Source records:

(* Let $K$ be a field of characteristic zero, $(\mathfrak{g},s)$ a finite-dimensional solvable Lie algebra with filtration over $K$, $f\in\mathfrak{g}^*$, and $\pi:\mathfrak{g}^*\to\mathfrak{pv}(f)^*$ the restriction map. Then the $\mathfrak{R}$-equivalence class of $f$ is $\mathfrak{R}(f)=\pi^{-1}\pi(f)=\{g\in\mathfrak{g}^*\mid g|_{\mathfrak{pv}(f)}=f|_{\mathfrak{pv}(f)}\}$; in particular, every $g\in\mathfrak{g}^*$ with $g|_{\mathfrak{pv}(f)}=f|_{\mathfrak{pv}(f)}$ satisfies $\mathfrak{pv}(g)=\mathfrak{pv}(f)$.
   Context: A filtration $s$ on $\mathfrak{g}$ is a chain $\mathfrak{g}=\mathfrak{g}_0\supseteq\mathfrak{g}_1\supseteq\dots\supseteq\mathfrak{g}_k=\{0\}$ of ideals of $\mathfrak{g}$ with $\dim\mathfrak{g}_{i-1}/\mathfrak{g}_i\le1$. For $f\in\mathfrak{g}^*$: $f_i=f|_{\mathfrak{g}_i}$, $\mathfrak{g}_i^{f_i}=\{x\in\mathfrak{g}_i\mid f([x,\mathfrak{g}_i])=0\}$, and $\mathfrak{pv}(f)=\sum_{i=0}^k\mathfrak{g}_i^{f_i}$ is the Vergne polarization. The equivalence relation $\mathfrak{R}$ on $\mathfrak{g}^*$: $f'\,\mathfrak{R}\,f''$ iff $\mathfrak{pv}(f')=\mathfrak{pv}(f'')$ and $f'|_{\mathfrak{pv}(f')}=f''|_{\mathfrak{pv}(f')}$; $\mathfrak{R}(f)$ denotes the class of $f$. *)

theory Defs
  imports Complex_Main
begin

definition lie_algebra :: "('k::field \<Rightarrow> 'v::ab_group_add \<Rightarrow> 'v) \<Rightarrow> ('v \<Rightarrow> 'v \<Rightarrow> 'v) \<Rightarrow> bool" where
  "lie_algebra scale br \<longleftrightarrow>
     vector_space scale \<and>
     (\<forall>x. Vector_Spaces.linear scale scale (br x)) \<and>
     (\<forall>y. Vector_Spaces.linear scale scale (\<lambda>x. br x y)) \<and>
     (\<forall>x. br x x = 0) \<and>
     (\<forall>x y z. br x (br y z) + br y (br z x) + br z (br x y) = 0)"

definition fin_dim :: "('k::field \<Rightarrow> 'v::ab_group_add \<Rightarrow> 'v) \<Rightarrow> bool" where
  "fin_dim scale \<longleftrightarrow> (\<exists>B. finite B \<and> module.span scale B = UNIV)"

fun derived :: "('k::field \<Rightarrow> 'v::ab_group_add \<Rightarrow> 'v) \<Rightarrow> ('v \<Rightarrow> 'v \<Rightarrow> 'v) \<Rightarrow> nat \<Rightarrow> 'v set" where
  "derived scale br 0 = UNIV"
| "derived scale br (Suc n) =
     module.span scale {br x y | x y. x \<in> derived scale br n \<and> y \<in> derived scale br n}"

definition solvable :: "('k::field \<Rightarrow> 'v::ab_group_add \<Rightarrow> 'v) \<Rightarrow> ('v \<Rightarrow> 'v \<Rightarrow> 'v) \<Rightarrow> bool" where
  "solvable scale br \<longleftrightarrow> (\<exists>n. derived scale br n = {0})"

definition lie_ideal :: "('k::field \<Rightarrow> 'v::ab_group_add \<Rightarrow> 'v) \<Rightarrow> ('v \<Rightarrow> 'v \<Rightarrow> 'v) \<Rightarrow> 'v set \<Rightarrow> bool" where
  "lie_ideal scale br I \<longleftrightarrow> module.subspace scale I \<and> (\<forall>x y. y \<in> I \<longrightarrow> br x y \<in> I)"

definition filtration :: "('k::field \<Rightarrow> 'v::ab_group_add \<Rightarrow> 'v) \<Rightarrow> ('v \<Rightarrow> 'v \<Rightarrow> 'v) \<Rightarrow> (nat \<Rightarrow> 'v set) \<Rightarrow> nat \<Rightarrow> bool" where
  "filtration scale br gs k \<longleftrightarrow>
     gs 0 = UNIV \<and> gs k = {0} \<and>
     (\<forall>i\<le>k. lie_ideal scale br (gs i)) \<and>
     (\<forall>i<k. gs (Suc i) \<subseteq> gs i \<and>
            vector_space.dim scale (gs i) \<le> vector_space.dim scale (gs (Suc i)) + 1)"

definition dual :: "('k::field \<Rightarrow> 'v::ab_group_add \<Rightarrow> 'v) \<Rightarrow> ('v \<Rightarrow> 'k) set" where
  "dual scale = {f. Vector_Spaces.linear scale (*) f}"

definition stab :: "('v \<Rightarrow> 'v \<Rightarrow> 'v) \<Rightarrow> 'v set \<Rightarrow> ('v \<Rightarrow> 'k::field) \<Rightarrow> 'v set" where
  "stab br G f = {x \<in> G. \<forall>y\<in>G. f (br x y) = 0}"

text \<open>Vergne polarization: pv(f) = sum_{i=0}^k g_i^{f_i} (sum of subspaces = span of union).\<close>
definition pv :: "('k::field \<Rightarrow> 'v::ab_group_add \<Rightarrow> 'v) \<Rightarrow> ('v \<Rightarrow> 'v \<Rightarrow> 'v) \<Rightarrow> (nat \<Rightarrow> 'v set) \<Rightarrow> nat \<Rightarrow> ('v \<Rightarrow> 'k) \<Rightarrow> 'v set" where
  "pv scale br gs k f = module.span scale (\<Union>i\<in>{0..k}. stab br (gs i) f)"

TASK STATEMENT:
Filter the entries down to the lines with the word "UNIV" in them, and copy those lines.

YOUR SOLUTION:
  "fin_dim scale \<longleftrightarrow> (\<exists>B. finite B \<and> module.span scale B = UNIV)"
  "derived scale br 0 = UNIV"
     gs 0 = UNIV \<and> gs k = {0} \<and>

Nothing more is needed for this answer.